_Provided records:_
lemma cluster_cover_replace:
  assumes cover: "cluster_cover n L G C" and D: "D \<subseteq> C" "2 \<le> card D"
    and new: "cluster n L G S F" "\<And>P. P \<in> D \<Longrightarrow> fst P \<subseteq> S" "F \<subseteq> \<Union>(snd ` D)"
  shows "cluster_cover n L G (insert (S, F) (C - D))" and "card (insert (S, F) (C - D)) < card C"
proof -
  have C: "finite C" "\<And>P. P \<in> C \<Longrightarrow> cluster n L G (fst P) (snd P)" "disjoint_family_on snd C"
    "\<And>e. e \<in> G \<Longrightarrow> \<exists>P\<in>C. e \<subseteq> fst P"
    using cover unfolding cluster_cover_def by auto
  have "disjoint_family_on snd (insert (S, F) (C - D))"
  proof -
    have "snd P \<inter> snd Q = {}" if "P \<in> D" "Q \<in> C - D" for P Q
    proof (rule disjoint_family_onD[OF C(3)])
      show "P \<in> C" "Q \<in> C" "P \<noteq> Q"
        using D(1) that by auto
    qed
    then have "F \<inter> \<Union>(snd ` (C - D)) = {}"
      using new(3) by blast
    then show ?thesis
      using disjoint_family_on_mono[OF Diff_subset C(3)]
      by (cases "(S, F) \<in> C - D") (simp_all add: insert_absorb disjoint_family_on_insert)
  qed
  moreover have "\<exists>P\<in>insert (S, F) (C - D). e \<subseteq> fst P" if e: "e \<in> G" for e
  proof -
    obtain Q where Q: "Q \<in> C" "e \<subseteq> fst Q"
      using C(4)[OF e] by blast
    show ?thesis
    proof (cases "Q \<in> D")
      case True
      then have "e \<subseteq> S"
        using new(2) Q(2) by blast
      then show ?thesis
        by simp
    qed (use Q in auto)
  qed
  ultimately show "cluster_cover n L G (insert (S, F) (C - D))"
    using C(1,2) new(1) unfolding cluster_cover_def by simp
  have "card (insert (S, F) (C - D)) \<le> Suc (card C - card D)"
    using C(1) D(1) card_insert_le_m1 by (simp add: card_Diff_subset finite_subset card_insert_if)
  then show "card (insert (S, F) (C - D)) < card C"
    using card_mono[OF C(1) D(1)] D(2) by linarith
qed

lemma cluster_Union:
  assumes cover: "cluster_cover n L G C" and D: "D \<subseteq> C" "D \<noteq> {}"
    and deficit: "2 * card (\<Union>(fst ` D)) + 3 * card D \<le> 2 * (\<Sum>P\<in>D. card (fst P)) + 3"
  defines "S \<equiv> \<Union>(fst ` D)" and "F \<equiv> \<Union>(snd ` D)"
  shows "S \<subseteq> {1..n}" "card S < card D * L" "2 * card S \<le> card (G \<inter> clique_edges S) + 3"
    and "card S < L \<Longrightarrow> cluster n L G S F"
proof -
  have clD: "\<And>P. P \<in> D \<Longrightarrow> cluster n L G (fst P) (snd P)"
    using cover D(1) unfolding cluster_cover_def by blast
  have fin: "finite D" and disj: "disjoint_family_on snd D"
    using cover D(1) unfolding cluster_cover_def by (meson finite_subset disjoint_family_on_mono)+
  note bounds = card_Union_clusters[OF clD fin D(2) disj deficit, folded S_def F_def]
  show S: "S \<subseteq> {1..n}"
    unfolding S_def by (rule UN_least) (use clD in \<open>simp add: cluster_def\<close>)
  show "card S < card D * L"
    using bounds(1) by simp
  have F: "F \<subseteq> G \<inter> clique_edges S"
    unfolding F_def
  proof (rule UN_least)
    fix P assume "P \<in> D"
    then have "snd P \<subseteq> G \<inter> clique_edges (fst P)" and "fst P \<subseteq> S"
      using clD unfolding S_def cluster_def by auto
    then show "snd P \<subseteq> G \<inter> clique_edges S"
      using clique_edges_mono by blast
  qed
  have finS: "finite S"
    using S finite_atLeastAtMost by (rule finite_subset)
  then have "card F \<le> card (G \<inter> clique_edges S)"
    using F finite_clique_edges by (intro card_mono) auto
  then show "2 * card S \<le> card (G \<inter> clique_edges S) + 3"
    using bounds(2) by linarith
  obtain P where "P \<in> D"
    using D(2) by blast
  have "2 \<le> card (fst P)"
    using clD[OF \<open>P \<in> D\<close>] unfolding cluster_def by simp
  also have "\<dots> \<le> card S"
    using \<open>P \<in> D\<close> finS unfolding S_def by (intro card_mono) auto
  finally show "cluster n L G S F" if "card S < L"
    using S F that bounds(2) unfolding cluster_def by simp
qed
(* Let $(X,\tau)$ be a fuzzifying topological space such that $\tau_P(A\cap B)\ge\min(\tau_P(A),\tau_P(B))$ for all $A,B\subseteq X$. Then $\max\big(0,T_2^P(X,\tau)+\Gamma_P(X,\tau)-1\big)\le T_4^P(X,\tau)$, i.e. $\vDash T_2^P(X,\tau)\otimes\Gamma_P(X,\tau)\to T_4^P(X,\tau)$.
   Context: A fuzzifying topology on $X$ is $\tau:P(X)\to[0,1]$ with $\tau(X)=1$, $\tau(A\cap B)\ge\min(\tau(A),\tau(B))$, $\tau(\bigcup A_\lambda)\ge\inf\tau(A_\lambda)$. $N_x(A)=\sup_{x\in B\subseteq A}\tau(B)$; $Cl(A)(x)=1-N_x(X\setminus A)$; for $\mu:X\to[0,1]$, $Int(\mu)(x)=\sup_{x\in B}\min(\tau(B),\inf_{y\in B}\mu(y))$; pre-open degrees $\tau_P(A)=\inf_{x\in A}Int(Cl(A))(x)$; $N^P_x(A)=\sup_{x\in B\subseteq A}\tau_P(B)$. $T_2^P(X,\tau)=\inf_{x\ne y}\sup\{\min(N^P_x(U),N^P_y(V)):U\cap V=\emptyset\}$. Pre-normality: $T_4^P(X,\tau)=\inf_{A,B\subseteq X,A\cap B=\emptyset}\min\big(1,1-\min(\tau_P(X\setminus A),\tau_P(X\setminus B))+\sup\{\min(\tau_P(U),\tau_P(V)):U\cap V=\emptyset,A\subseteq U,B\subseteq V\}\big)$. Strong compactness: with $K(\Re,X)=\inf_{x\in X}\sup_{B\ni x}\Re(B)$, $[\Re\subseteq\tau_P]=\inf_B\min(1,1-\Re(B)+\tau_P(B))$, $\wp\le\Re$ pointwise, $FF(\wp)=1-\inf\{\delta\in[0,1]:\{B:\wp(B)>\delta\}\text{ finite}\}$, $\Gamma_P(X,\tau)=\inf_{\Re}\min\big(1,1-\max(0,K(\Re,X)+[\Re\subseteq\tau_P]-1)+\sup_{\wp\le\Re}\max(0,K(\wp,X)+FF(\wp)-1)\big)$, inf/sup over fuzzy families $\Re,\wp:P(X)\to[0,1]$. *)

theory Defs
  imports Main "HOL.Real"
begin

_Exercise details:_
Copy out the lines above that hold the string "close".

_Solution below:_
    unfolding S_def by (rule UN_least) (use clD in \<open>simp add: cluster_def\<close>)
    using clD[OF \<open>P \<in> D\<close>] unfolding cluster_def by simp
    using \<open>P \<in> D\<close> finS unfolding S_def by (intro card_mono) auto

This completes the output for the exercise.